Information provided START

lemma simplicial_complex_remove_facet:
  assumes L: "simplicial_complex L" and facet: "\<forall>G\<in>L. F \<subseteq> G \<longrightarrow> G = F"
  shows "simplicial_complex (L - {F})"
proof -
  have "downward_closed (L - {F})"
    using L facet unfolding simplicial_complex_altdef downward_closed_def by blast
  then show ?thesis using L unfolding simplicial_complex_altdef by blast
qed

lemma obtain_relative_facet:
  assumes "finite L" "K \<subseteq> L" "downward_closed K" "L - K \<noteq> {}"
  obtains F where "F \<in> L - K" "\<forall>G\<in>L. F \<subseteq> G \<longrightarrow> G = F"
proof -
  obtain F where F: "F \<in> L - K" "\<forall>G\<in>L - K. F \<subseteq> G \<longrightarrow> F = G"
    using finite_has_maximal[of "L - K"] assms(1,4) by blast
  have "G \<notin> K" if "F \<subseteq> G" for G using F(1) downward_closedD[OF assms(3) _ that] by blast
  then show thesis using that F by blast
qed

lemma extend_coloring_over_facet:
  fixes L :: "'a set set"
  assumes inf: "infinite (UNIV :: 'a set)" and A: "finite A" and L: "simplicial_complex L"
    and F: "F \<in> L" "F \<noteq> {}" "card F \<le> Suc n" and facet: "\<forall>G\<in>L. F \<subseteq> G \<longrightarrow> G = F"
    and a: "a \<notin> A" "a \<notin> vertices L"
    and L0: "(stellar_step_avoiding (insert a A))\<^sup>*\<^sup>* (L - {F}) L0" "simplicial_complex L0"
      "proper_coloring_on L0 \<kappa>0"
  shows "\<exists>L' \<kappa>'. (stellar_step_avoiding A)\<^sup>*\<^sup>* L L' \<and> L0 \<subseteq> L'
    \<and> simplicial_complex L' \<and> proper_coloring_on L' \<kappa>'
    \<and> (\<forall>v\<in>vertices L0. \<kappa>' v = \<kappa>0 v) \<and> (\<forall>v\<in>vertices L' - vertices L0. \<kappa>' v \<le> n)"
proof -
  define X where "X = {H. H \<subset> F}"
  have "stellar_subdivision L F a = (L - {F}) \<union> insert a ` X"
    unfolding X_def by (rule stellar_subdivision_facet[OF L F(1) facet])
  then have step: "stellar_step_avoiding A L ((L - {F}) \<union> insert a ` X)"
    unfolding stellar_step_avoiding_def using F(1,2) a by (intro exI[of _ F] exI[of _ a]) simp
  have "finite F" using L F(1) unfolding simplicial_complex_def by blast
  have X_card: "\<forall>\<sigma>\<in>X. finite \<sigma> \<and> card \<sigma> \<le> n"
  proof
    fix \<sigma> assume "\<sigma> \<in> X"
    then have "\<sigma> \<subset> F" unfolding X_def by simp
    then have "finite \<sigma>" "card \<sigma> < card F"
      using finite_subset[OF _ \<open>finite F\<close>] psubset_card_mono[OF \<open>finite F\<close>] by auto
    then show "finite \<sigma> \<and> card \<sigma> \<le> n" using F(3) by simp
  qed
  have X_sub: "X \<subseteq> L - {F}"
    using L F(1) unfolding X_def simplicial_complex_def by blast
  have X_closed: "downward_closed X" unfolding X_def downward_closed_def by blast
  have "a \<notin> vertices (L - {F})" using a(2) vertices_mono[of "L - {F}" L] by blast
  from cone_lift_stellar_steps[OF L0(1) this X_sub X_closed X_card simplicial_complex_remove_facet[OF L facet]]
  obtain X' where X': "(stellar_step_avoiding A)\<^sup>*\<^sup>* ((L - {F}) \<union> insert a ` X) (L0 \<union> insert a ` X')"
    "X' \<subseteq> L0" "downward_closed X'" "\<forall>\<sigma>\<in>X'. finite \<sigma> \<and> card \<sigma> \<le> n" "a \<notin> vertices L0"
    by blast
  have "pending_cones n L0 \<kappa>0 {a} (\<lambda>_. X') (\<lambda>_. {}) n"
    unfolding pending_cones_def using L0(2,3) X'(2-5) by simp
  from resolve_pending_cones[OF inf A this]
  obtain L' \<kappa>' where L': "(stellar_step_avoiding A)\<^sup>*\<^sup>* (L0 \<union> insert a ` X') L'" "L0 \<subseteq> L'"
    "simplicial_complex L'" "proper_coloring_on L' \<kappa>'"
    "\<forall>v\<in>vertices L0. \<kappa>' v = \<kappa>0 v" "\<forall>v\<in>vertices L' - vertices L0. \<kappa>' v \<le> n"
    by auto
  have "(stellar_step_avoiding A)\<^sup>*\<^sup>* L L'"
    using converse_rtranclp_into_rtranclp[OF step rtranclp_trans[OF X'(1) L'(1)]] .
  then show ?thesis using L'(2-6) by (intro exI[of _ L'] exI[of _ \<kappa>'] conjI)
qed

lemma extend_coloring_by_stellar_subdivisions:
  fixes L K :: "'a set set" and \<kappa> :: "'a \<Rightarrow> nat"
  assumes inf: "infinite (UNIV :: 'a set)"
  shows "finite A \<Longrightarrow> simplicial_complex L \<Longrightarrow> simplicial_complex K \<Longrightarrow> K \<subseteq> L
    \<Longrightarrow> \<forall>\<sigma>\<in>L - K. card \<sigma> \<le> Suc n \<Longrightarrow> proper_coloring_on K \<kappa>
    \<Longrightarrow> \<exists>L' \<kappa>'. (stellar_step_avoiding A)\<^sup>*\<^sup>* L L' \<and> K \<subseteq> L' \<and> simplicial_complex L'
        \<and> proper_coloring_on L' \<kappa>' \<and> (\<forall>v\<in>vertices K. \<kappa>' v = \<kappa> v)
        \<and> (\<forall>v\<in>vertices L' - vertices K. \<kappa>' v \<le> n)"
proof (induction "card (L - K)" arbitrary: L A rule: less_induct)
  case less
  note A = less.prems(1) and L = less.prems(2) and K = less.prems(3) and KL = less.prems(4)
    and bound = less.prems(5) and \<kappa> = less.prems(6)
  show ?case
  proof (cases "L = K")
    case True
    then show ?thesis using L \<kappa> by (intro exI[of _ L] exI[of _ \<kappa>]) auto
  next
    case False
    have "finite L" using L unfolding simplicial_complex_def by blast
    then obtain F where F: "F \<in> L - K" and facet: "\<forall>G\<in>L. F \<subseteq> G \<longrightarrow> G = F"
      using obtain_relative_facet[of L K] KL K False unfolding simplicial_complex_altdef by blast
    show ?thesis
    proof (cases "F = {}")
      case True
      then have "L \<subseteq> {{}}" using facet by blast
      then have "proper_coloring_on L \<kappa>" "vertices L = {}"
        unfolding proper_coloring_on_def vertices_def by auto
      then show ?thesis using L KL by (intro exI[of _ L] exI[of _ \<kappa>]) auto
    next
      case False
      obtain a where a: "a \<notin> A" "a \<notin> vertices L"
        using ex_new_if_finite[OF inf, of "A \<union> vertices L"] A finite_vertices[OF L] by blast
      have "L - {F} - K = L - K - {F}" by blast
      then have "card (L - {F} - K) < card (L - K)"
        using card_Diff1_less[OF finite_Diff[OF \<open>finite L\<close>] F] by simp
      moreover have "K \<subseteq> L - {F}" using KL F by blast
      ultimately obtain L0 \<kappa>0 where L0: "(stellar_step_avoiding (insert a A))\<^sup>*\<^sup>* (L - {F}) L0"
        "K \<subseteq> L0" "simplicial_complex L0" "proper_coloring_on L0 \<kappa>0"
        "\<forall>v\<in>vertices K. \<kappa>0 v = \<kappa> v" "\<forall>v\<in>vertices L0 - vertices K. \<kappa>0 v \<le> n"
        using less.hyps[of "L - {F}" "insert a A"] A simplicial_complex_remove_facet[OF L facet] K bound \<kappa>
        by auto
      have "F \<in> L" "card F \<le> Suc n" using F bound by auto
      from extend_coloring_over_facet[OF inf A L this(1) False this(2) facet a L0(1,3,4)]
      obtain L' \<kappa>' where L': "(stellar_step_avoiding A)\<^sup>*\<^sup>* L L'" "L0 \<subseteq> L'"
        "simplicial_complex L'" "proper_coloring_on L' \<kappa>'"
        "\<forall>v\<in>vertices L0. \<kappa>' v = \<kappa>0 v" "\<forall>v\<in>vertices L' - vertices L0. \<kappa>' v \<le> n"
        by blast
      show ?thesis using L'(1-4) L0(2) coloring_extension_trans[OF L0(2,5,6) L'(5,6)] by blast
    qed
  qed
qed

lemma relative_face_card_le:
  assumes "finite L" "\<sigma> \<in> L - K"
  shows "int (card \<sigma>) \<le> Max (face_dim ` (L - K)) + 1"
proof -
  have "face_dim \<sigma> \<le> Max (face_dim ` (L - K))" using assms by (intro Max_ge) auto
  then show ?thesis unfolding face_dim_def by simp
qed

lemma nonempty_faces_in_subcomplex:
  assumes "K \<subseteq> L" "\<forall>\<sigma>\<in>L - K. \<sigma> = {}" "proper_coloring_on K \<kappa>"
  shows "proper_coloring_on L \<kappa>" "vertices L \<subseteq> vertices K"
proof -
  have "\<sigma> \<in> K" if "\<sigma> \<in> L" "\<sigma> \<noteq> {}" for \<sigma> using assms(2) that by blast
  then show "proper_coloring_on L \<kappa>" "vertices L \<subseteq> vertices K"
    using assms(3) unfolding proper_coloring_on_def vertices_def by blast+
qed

Information provided END

Each line above that contains the string "noteq" should be identified and copied.

Written answer —
  assumes "finite L" "K \<subseteq> L" "downward_closed K" "L - K \<noteq> {}"
    and F: "F \<in> L" "F \<noteq> {}" "card F \<le> Suc n" and facet: "\<forall>G\<in>L. F \<subseteq> G \<longrightarrow> G = F"
  have "\<sigma> \<in> K" if "\<sigma> \<in> L" "\<sigma> \<noteq> {}" for \<sigma> using assms(2) that by blast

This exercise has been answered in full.